Extracted information

lemma shortest_hwalk_imp_loose_path:
  assumes hyp: "hypergraph V E" and shortest: "shortest_hwalk V E vs es"
  shows "loose_path V E vs es"
proof -
  note no_shortcut = shortest_hwalk_no_shortcut[OF shortest]
  have walk: "hwalk V E vs es"
    using shortest unfolding shortest_hwalk_def by blast
  have len: "length vs = length es + 1" and vs_V: "set vs \<subseteq> V" and es_E: "set es \<subseteq> E"
    and step: "\<And>k. k < length es \<Longrightarrow> vs ! k \<in> es ! k \<and> vs ! Suc k \<in> es ! k"
    using walk unfolding hwalk_def by auto
  have vertex: "vs ! k \<in> V" if "k \<le> length es" for k
    using vs_V len that by (simp add: subset_iff)
  have edge_walk: "hwalk V E (a # ws) (es ! k # fs)"
    if "k < length es" "a \<in> es ! k" "hwalk V E ws fs" "hd ws \<in> es ! k" for k a ws fs
    using hwalk_Cons[OF hyp that(3)] that(1,2,4) es_E nth_mem by blast
  have "distinct vs"
  proof (rule ccontr)
    assume "\<not> distinct vs"
    then obtain i j where ij: "i < j" "j < length vs" "vs ! i = vs ! j"
      by (metis distinct_conv_nth linorder_neqE_nat)
    have "hwalk V E [vs ! i] []"
      using vertex ij len by (simp add: hwalk_singleton_iff)
    from no_shortcut[of i j, OF _ _ this] ij len show False by simp
  qed
  moreover have "distinct es"
  proof (rule ccontr)
    assume "\<not> distinct es"
    then obtain i j where ij: "i < j" "j < length es" "es ! i = es ! j"
      by (metis distinct_conv_nth linorder_neqE_nat)
    have "hwalk V E [vs ! i, vs ! Suc j] [es ! i]"
      using edge_walk[of i "vs ! i" "[vs ! Suc j]" "[]"] vertex ij step[of i] step[of j]
      by (simp add: hwalk_singleton_iff)
    from no_shortcut[of i "Suc j", OF _ _ this] ij show False by simp
  qed
  moreover have "es ! i \<inter> es ! j = {}" if ij: "i + 1 < j" "j < length es" for i j
  proof (rule ccontr)
    assume "es ! i \<inter> es ! j \<noteq> {}"
    then obtain y where y: "y \<in> es ! i" "y \<in> es ! j" by blast
    have "hwalk V E [y, vs ! Suc j] [es ! j]"
      using edge_walk[of j y "[vs ! Suc j]" "[]"] vertex ij step y
      by (simp add: hwalk_singleton_iff)
    then have "hwalk V E [vs ! i, y, vs ! Suc j] [es ! i, es ! j]"
      using edge_walk[of i "vs ! i"] step y ij by auto
    from no_shortcut[of i "Suc j", OF _ _ this] ij show False by simp
  qed
  ultimately show ?thesis
    using len vs_V es_E step unfolding loose_path_def by auto
qed

lemma hwalk_imp_loose_path_between:
  assumes hyp: "hypergraph V E" and walk: "hwalk V E vs es"
  shows "\<exists>p \<le> length es. loose_path_between V E (hd vs) (last vs) p"
proof -
  define walk_length where "walk_length n \<longleftrightarrow>
    (\<exists>vs' es'. hwalk V E vs' es' \<and> hd vs' = hd vs \<and> last vs' = last vs \<and> length es' = n)" for n
  have "walk_length (length es)"
    using walk unfolding walk_length_def by blast
  then have "walk_length (LEAST n. walk_length n)" and min_le: "(LEAST n. walk_length n) \<le> length es"
    by (auto intro: LeastI Least_le)
  then obtain vs' es' where walk': "hwalk V E vs' es'" "hd vs' = hd vs" "last vs' = last vs"
    and len': "length es' = (LEAST n. walk_length n)"
    unfolding walk_length_def by blast
  have "shortest_hwalk V E vs' es'"
    using walk' len' unfolding shortest_hwalk_def by (auto simp: walk_length_def intro: Least_le)
  then have "loose_path V E vs' es'"
    by (rule shortest_hwalk_imp_loose_path[OF hyp])
  then show ?thesis
    using walk' len' min_le unfolding loose_path_between_def by metis
qed

lemma hdist_le_hwalk:
  assumes "hypergraph V E" "hwalk V E vs es"
  shows "hdist V E (hd vs) (last vs) \<le> length es"
  using hwalk_imp_loose_path_between[OF assms] unfolding hdist_def
  by (meson Least_le le_trans)

lemma loose_path_between_hdist:
  assumes "hconnected V E" "a \<in> V" "b \<in> V"
  shows "loose_path_between V E a b (hdist V E a b)"
  using assms unfolding hconnected_def hdist_def by (meson LeastI)

lemma hdist_refl: "a \<in> V \<Longrightarrow> hdist V E a a = 0"
  unfolding hdist_def loose_path_between_def loose_path_def
  by (rule Least_eq_0) (auto intro!: exI[of _ "[a]"])

lemma hdist_pos:
  assumes "hconnected V E" "a \<in> V" "b \<in> V" "a \<noteq> b"
  shows "0 < hdist V E a b"
  using loose_path_between_hdist[OF assms(1-3)] assms(4)
  unfolding loose_path_between_def loose_path_def
  by (metis One_nat_def add_0 gr0I last_ConsL length_0_conv length_Suc_conv list.sel(1))

lemma hdist_adjacent_le:
  assumes hyp: "hypergraph V E" and conn: "hconnected V E"
    and "u \<in> V" "z \<in> V" "hadj E u v"
  shows "hdist V E v z \<le> hdist V E u z + 1"
proof -
  obtain vs es where path: "loose_path V E vs es" "hd vs = u" "last vs = z"
    "length es = hdist V E u z"
    using loose_path_between_hdist[OF conn assms(3,4)] unfolding loose_path_between_def by blast
  obtain e where e: "e \<in> E" "v \<in> e" "u \<in> e"
    using assms(5) unfolding hadj_def by blast
  have walk: "hwalk V E vs es"
    using path(1) by (rule loose_path_imp_hwalk)
  then have "vs \<noteq> []"
    unfolding hwalk_def by auto
  with hdist_le_hwalk[OF hyp hwalk_Cons[OF hyp walk e(1,2)]] e(3) path(2-4) show ?thesis
    by simp
qed

lemma hdist_common_neighbour_le:
  assumes hyp: "hypergraph V E" and "w \<in> V" "hadj E u v" "hadj E u w"
  shows "hdist V E v w \<le> 2"
proof -
  obtain e f where "e \<in> E" "v \<in> e" "u \<in> e" "f \<in> E" "w \<in> f" "u \<in> f"
    using assms(3,4) unfolding hadj_def by blast
  then have "hwalk V E [v, u, w] [e, f]"
    using assms(2) by (intro hwalk_Cons[OF hyp]) (auto simp: hwalk_singleton_iff)
  from hdist_le_hwalk[OF hyp this] show ?thesis
    by simp
qed

lemma eigenvalue_nonneg_if_pos_eigenvector:
  fixes D :: "'a \<Rightarrow> 'a \<Rightarrow> real"
  assumes "a \<in> V" "\<And>z. z \<in> V \<Longrightarrow> 0 \<le> D a z" "\<And>z. z \<in> V \<Longrightarrow> 0 < x z"
    and "(\<Sum>z\<in>V. D a z * x z) = \<rho> * x a"
  shows "0 \<le> \<rho>"
proof -
  have "0 \<le> (\<Sum>z\<in>V. D a z * x z)"
    using assms(2,3) by (intro sum_nonneg) (simp add: less_imp_le)
  then have "0 \<le> \<rho> * x a"
    using assms(4) by simp
  with assms(3)[OF assms(1)] show ?thesis
    by (simp add: zero_le_mult_iff)
qed

lemma eigenvector_row_combination_pos:
  fixes D :: "'a \<Rightarrow> 'a \<Rightarrow> real"
  assumes "finite V" "u \<in> V" "v \<in> V" "w \<in> V" "v \<noteq> w"
    and pos: "\<And>z. z \<in> V \<Longrightarrow> 0 < x z" and "0 \<le> \<rho>"
    and eig: "\<And>a. a \<in> {u, v, w} \<Longrightarrow> (\<Sum>z\<in>V. D a z * x z) = \<rho> * x a"
    and coeff_v: "1 \<le> D w v + D u v - D v v"
    and coeff_w: "-1 \<le> D w w + D u w - D v w"
    and coeff_other: "\<And>z. z \<in> V - {v, w} \<Longrightarrow> 0 \<le> D w z + D u z - D v z"
  shows "0 < x w + x u - x v"
proof -
  define c where "c z = D w z + D u z - D v z" for z
  define g where "g z = (if z = v then x v else 0) - (if z = w then x w else 0)" for z
  have "x v - x w = (\<Sum>z\<in>V. g z)"
    using assms(1,3,4) by (simp add: g_def sum_subtractf)
  also have "\<dots> \<le> (\<Sum>z\<in>V. c z * x z)"
  proof (rule sum_mono)
    fix z assume z: "z \<in> V"
    consider "z = v" | "z = w" | "z \<in> V - {v, w}"
      using z by blast
    then show "g z \<le> c z * x z"
    proof cases
      case 1
      then show ?thesis
        using mult_right_mono[OF coeff_v less_imp_le[OF pos[OF z]]] assms(5)
        by (simp add: g_def c_def)
    next
      case 2
      then show ?thesis
        using mult_right_mono[OF coeff_w less_imp_le[OF pos[OF z]]] assms(5)
        by (simp add: g_def c_def)
    next
      case 3
      then show ?thesis
        using coeff_other[OF 3] pos[OF z] by (simp add: g_def c_def)
    qed
  qed
  also have "\<dots> = \<rho> * (x w + x u - x v)"
    using eig[of u] eig[of v] eig[of w]
    by (simp add: c_def algebra_simps sum.distrib sum_subtractf)
  finally have key: "x v - x w \<le> \<rho> * (x w + x u - x v)" .
  show ?thesis
  proof (rule ccontr)
    assume "\<not> ?thesis"
    then have "\<rho> * (x w + x u - x v) \<le> 0"
      using \<open>0 \<le> \<rho>\<close> by (simp add: mult_nonneg_nonpos)
    with key \<open>\<not> ?thesis\<close> pos[OF assms(2)] show False
      by linarith
  qed
qed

Task prompt
Restate word for word the lines of the data above, starting at the line containing "using coeff_other[OF 3]" and ending at the line containing "with key \<open>\<not>", both included, and nothing more.

Response
        using coeff_other[OF 3] pos[OF z] by (simp add: g_def c_def)
    qed
  qed
  also have "\<dots> = \<rho> * (x w + x u - x v)"
    using eig[of u] eig[of v] eig[of w]
    by (simp add: c_def algebra_simps sum.distrib sum_subtractf)
  finally have key: "x v - x w \<le> \<rho> * (x w + x u - x v)" .
  show ?thesis
  proof (rule ccontr)
    assume "\<not> ?thesis"
    then have "\<rho> * (x w + x u - x v) \<le> 0"
      using \<open>0 \<le> \<rho>\<close> by (simp add: mult_nonneg_nonpos)
    with key \<open>\<not> ?thesis\<close> pos[OF assms(2)] show False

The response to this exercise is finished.